Each success was important in the life of the person and each marked a transition, a life changing moment.

As I sat and listened, it caused me to marvel at our resilience and determination to make life work for us.  For some it is hard work, digging through the dirt and baggage from the past, and yet they do it. In fact, not only do they do it, but they do it well, arising from the ashes as someone with wisdom to share to help others.

I applaud the courage and fortitude it takes to poke around at stuff we would rather keep a lid on, yet intuitively we know that we can’t move forward until the can is open, and the contents dissected.

How often do we reflect on what we have in our lives to celebrate?  Not enough.  This conversation got our meeting off to such a deeper, more meaningful start and we left seeing each other from a different perspective.  In fact, we’ve decided as a group to continue the dialogue.

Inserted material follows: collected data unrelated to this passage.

lemma base_edge_in_factor:
  assumes F: "F \<in> FF" and s: "s < p" and e: "e \<in> lifted_factor F s"
  shows "base_edge e \<in> F"
proof -
  have uwi: "nbr_first F \<noteq> infty" "nbr_last F \<noteq> infty" using nbrs_neq_infty[OF F] by auto
  have ie: "{infty, nbr_first F} \<in> F" "{infty, nbr_last F} \<in> F" using infty_edges[OF F] by auto
  consider "cross_edge F s e" | "inf_edge F s e" | "vertical_edge F s e" using lifted_edge_cases[OF F s e] by blast
  then show ?thesis
  proof cases
    case 1
    then obtain x y A B where X: "e = {(x,A),(y,B)}" "{x,y} \<in> F" "x \<noteq> y"
      unfolding cross_edge_def by blast
    then have "fst ` e = {x,y}" by simp
    then show ?thesis unfolding base_edge_def using X by simp
  next
    case 2
    then obtain x l where X: "e = {(infty,0),(x,l)}" "x = nbr_first F \<or> x = nbr_last F"
      unfolding inf_edge_def by blast
    then have "x \<noteq> infty" using uwi by auto
    moreover have "fst ` e = {infty, x}" using X by simp
    ultimately show ?thesis unfolding base_edge_def using X ie by auto
  next
    case 3
    then obtain x l1 l2 where X: "e = {(x,l1),(x,l2)}" "x = nbr_first F \<or> x = nbr_last F"
      unfolding vertical_edge_def by blast
    have "fst ` e = {x}" using X by simp
    then show ?thesis unfolding base_edge_def using X ie by auto
  qed
qed

lemma lifted_factors_disjoint:
  assumes F: "F \<in> FF" "F' \<in> FF" and s: "s < p" "s' < p" and ne: "(F,s) \<noteq> (F',s')"
  shows "lifted_factor F s \<inter> lifted_factor F' s' = {}"
proof (rule ccontr)
  assume "lifted_factor F s \<inter> lifted_factor F' s' \<noteq> {}"
  then obtain e where e: "e \<in> lifted_factor F s" "e \<in> lifted_factor F' s'" by blast
  have "base_edge e \<in> F" "base_edge e \<in> F'" using base_edge_in_factor F s e by auto
  then have "F = F'" using partition F unfolding edge_partition_def by blast
  then show False using lifted_factor_shift_unique[OF F(1) s] e ne by auto
qed

lemma card_factor: assumes F: "F \<in> FF" shows "card F = card V"
proof -
  have inj: "inj_on (\<lambda>e. iso F ` e) F"
  proof -
    have "inj_on (iso F) V" using bij_iso[OF F] by (simp add: bij_betw_def)
    then have "inj_on (\<lambda>e. iso F ` e) (Pow V)" by (rule inj_on_image_Pow)
    moreover have "F \<subseteq> Pow V" using factor_subset[OF F] complete_edges_subset_Pow by blast
    ultimately show ?thesis using inj_on_subset by blast
  qed
  have "card F = card ((\<lambda>e. iso F ` e) ` F)" using card_image[OF inj] by simp
  also have "\<dots> = card (cycles_graph ts)" using iso_factor[OF F] unfolding iso_cycles_via_def by simp
  also have "\<dots> = sum_list ts" using card_cycles_graph ts_ge_3 by simp
  finally show ?thesis using card_V_eq_sum[OF F] by simp
qed

lemma finite_FF: "finite FF"
proof -
  have "FF \<subseteq> Pow (complete_edges V)" using partition unfolding edge_partition_def by auto
  then show ?thesis using finite_complete_edges[OF finite_V] finite_subset by blast
qed

lemma card_V_eq_Suc_2_card_FF: "card V = 2 * card FF + 1"
proof -
  have "card (\<Union>F\<in>FF. F) = (\<Sum>F\<in>FF. card F)"
  proof (rule card_UN_disjoint[OF finite_FF])
    show "\<forall>F\<in>FF. finite F"
      using factor_subset finite_complete_edges[OF finite_V] finite_subset by blast
    show "\<forall>F\<in>FF. \<forall>G\<in>FF. F \<noteq> G \<longrightarrow> F \<inter> G = {}"
      using partition unfolding edge_partition_def by blast
  qed
  also have "\<dots> = card FF * card V" using card_factor by simp
  finally have "card FF * card V = card V * (card V - 1) div 2"
    using partition card_complete_edges[OF finite_V] unfolding edge_partition_def by simp
  moreover have "0 < card V" using finite_V infty_in_V card_gt_0_iff by blast
  then obtain n where n: "card V = n + 1" by (metis Suc_eq_plus1 gr0_conv_Suc)
  ultimately have "card FF * (n + 1) = (n + 1) * n div 2" by simp
  then have "(n + 1) * (2 * card FF) = 2 * ((n + 1) * n div 2)" by (simp only: mult_ac)
  also have "\<dots> = (n + 1) * n" by simp
  finally show ?thesis using n by (simp only: mult_cancel1) simp
qed

definition lifted_factors :: "('v \<times> nat) set set set" where
  "lifted_factors = (\<lambda>(F,s). lifted_factor F s) ` (FF \<times> {..<p})"

lemma card_Union_lifted_factors: "card (\<Union>lifted_factors) = card FF * p * card V'"
proof -
  let ?L = "case_prod lifted_factor"
  have "card (\<Union>lifted_factors) = (\<Sum>i\<in>FF \<times> {..<p}. card (?L i))"
    unfolding lifted_factors_def
  proof (rule card_UN_disjoint)
    show "finite (FF \<times> {..<p})" using finite_FF by simp
    show "\<forall>i\<in>FF \<times> {..<p}. finite (?L i)"
      unfolding lifted_factor_def using finite_cycle_edges by auto
    show "\<forall>i\<in>FF \<times> {..<p}. \<forall>j\<in>FF \<times> {..<p}. i \<noteq> j \<longrightarrow> ?L i \<inter> ?L j = {}"
      using lifted_factors_disjoint by auto
  qed
  also have "\<dots> = (\<Sum>_\<in>FF \<times> {..<p}. card V')" using card_lifted_factor by (intro sum.cong) auto
  finally show ?thesis by (simp add: card_cartesian_product)
qed

lemma Union_lifted_factors: "\<Union>lifted_factors = complete_edges V'"
proof (rule card_subset_eq)
  show "finite (complete_edges V')" using finite_complete_edges[OF finite_V'] .
  show "\<Union>lifted_factors \<subseteq> complete_edges V'"
    unfolding lifted_factors_def using lifted_factor_subset by auto
  have "card V' = 1 + p * (2 * card FF)" using card_V' card_V_eq_Suc_2_card_FF by simp
  then show "card (\<Union>lifted_factors) = card (complete_edges V')"
    unfolding card_Union_lifted_factors card_complete_edges[OF finite_V'] by simp
qed

lemma OP_solution_lifted_factors: "OP_solution V' lifted_factors ts'"
  unfolding OP_solution_def edge_partition_def
proof (intro conjI ballI impI)
  show "\<And>t. t \<in> set ts' \<Longrightarrow> 3 \<le> t" using ts'_ge_3 by blast
  show "\<Union>lifted_factors = complete_edges V'" by (rule Union_lifted_factors)
  show "\<And>F1 F2. F1 \<in> lifted_factors \<Longrightarrow> F2 \<in> lifted_factors \<Longrightarrow> F1 \<noteq> F2 \<Longrightarrow> F1 \<inter> F2 = {}"
    unfolding lifted_factors_def using lifted_factors_disjoint by fastforce
  show "\<And>F. F \<in> lifted_factors \<Longrightarrow> iso_cycles V' F ts'"
    unfolding lifted_factors_def using iso_cycles_lifted_factor by auto
qed

end

section \<open>Blowing up a 1-rotational solution\<close>

lemma OP_solvable_blow_up:
  fixes V :: "'v set" and infty :: 'v
  assumes sol: "OP_solution V FF (a # as)" and "finite V" and "infty \<in> V" and "FF \<noteq> {}"
    and infty_first: "\<forall>F\<in>FF. \<exists>f. iso_cycles_via V F (a # as) f \<and> fst (f infty) = 0"
    and "(odd p \<and> 3 \<le> p) \<or> (p = 2 \<and> (\<forall>t\<in>set as. even t))"
  shows "OP_solvable ((p * (a - 1) + 1) # concat (map (replicate p) as))"
proof -
  have ts_ge_3: "\<forall>t\<in>set (a # as). 3 \<le> t" and "edge_partition V FF"
    using sol unfolding OP_solution_def by blast+
  have "\<exists>f. iso_cycles_via V F (a # as) f \<and> f infty = (0,0)" if "F \<in> FF" for F
  proof -
    from bspec[OF infty_first that] obtain f
      where f: "iso_cycles_via V F (a # as) f" "fst (f infty) = 0" by blast
    then have "f infty = (0, snd (f infty))" by (metis prod.collapse)
    then show ?thesis using iso_cycles_via_rotate[OF f(1) \<open>infty \<in> V\<close>] by simp
  qed
  then have "\<forall>F\<in>FF. \<exists>f. iso_cycles_via V F (a # as) f \<and> f infty = (0,0)" by blast
  then obtain iso where "\<forall>F\<in>FF. iso_cycles_via V F (a # as) (iso F) \<and> iso F infty = (0,0)"
    by (subst (asm) bchoice_iff) blast
  then interpret cycle_lift V infty FF "a # as" p iso
    by unfold_locales (use assms ts_ge_3 \<open>edge_partition V FF\<close> in auto)
  obtain F where "F \<in> FF" using \<open>FF \<noteq> {}\<close> by blast
  show ?thesis
    using OP_solvable_if_solution[OF OP_solution_lifted_factors finite_V' card_V'_eq_sum[OF \<open>F \<in> FF\<close>]]
    unfolding ts'_def by simp
qed

lemma OP_solution_of_one_rotational:
  "one_rotational_solution G FF a as \<Longrightarrow> OP_solution (ext_carrier G) FF (a # as)"
  unfolding one_rotational_solution_def OP_solution_def iso_cycles_def by blast

lemma one_rotational_factors_nonempty:
  assumes "group G" and "one_rotational_solution G FF a as"
  shows "FF \<noteq> {}"
proof
  assume "FF = {}"
  then have "complete_edges (ext_carrier G) = {}"
    using assms(2) unfolding one_rotational_solution_def edge_partition_def by auto
  moreover have "{None, Some \<one>\<^bsub>G\<^esub>} \<in> complete_edges (ext_carrier G)"
    using group.is_monoid[OF assms(1)] unfolding complete_edges_def ext_carrier_def by auto
  ultimately show False by simp
qed

theorem theorem4p2:
  fixes G :: "('a, 'b) monoid_scheme" and FF :: "'a option set set set"
    and ainf :: nat and as :: "nat list"
  assumes "group G" and "finite (carrier G)"
    and "one_rotational_solution G FF ainf as"
  shows "((\<forall>a\<in>set as. even a) \<longrightarrow>
            OP_solvable ((2 * ainf - 1) # concat (map (replicate 2) as)))
       \<and> (\<forall>p::nat. prime p \<and> odd p \<longrightarrow>
            OP_solvable ((p * (ainf - 1) + 1) # concat (map (replicate p) as)))"
proof -
  have lift: "OP_solvable ((p * (ainf - 1) + 1) # concat (map (replicate p) as))"
    if "(odd p \<and> 3 \<le> p) \<or> (p = 2 \<and> (\<forall>t\<in>set as. even t))" for p
  proof (rule OP_solvable_blow_up[OF OP_solution_of_one_rotational[OF assms(3)] _ _ _ _ that])
    show "finite (ext_carrier G)" "None \<in> ext_carrier G"
      using assms(2) unfolding ext_carrier_def by auto
    show "FF \<noteq> {}" using one_rotational_factors_nonempty[OF assms(1,3)] .
    show "\<forall>F\<in>FF. \<exists>f. iso_cycles_via (ext_carrier G) F (ainf # as) f \<and> fst (f None) = 0"
      using assms(3) unfolding one_rotational_solution_def by blast
  qed
  have "3 \<le> ainf" using assms(3) unfolding one_rotational_solution_def by auto
  then have "2 * ainf - 1 = 2 * (ainf - 1) + 1" by simp
  moreover have "3 \<le> p" if "prime p" "odd p" for p :: nat
    using prime_ge_2_nat[OF that(1)] that(2) by (cases "p = 2") auto
  ultimately show ?thesis using lift by auto
qed

end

I remember one year at our conference we had a discussion about celebrations, and the facilitator chuckled as she shared with me that one young woman, a lawyer from Bay Street, looked absolutely puzzled and horrified at the thought of celebrations in the office.  It was a completely foreign concept for her. How sad.

Life can pass us by so quickly and if we don’t take the moment to “count our blessings” to say thank you, to share our successes with one another, we’ve lost that opportunity to be grateful for what we have, who we are or how far we have come.   All too often we focus on the negative, and as they say, like attracts like, so you really don’t want to go there.

Let me ask you, what do you have to celebrate?  Tell someone.  You might be surprised at how that changes the conversation.

Sunday, September 16, 2012

A brave new world

How long has it been since you ever tried to do something new?  It can be a bit scary to step out of your comfort zone, but it can be fun too as in some instances, you have nothing to lose.

At least that’s how my girlfriend Anne and I view our new venture which we will be launching on September 22.  Both of us have either moved or are in the process of moving, and when you have lived in one place for years – in my case 28 years - you can bet that you have accumulated a fair amount of stuff that needs to be shed and found a new home.

So what are we up to?  We have set ourselves up as … wait for it…. The Antique Annies, and on Saturday, we have a booth at the Aberfoyle Antique Fair, and  I can’t tell you how much fun this has been.

First we had to cull our loot and see what would fit under the “antique” category and fast as I would put items aside, my husband would declare them off-limits.  Fortunately he has, of late, got with the program and is more willing to part with his treasures, but it was tough going at the start.

And it is tough to part with family heirlooms, but I just know I am not going to polish that silver, nor am I ever going to don my mother’s fur coat.  So it has been a cleansing process as I have weaned myself off parts of my childhood.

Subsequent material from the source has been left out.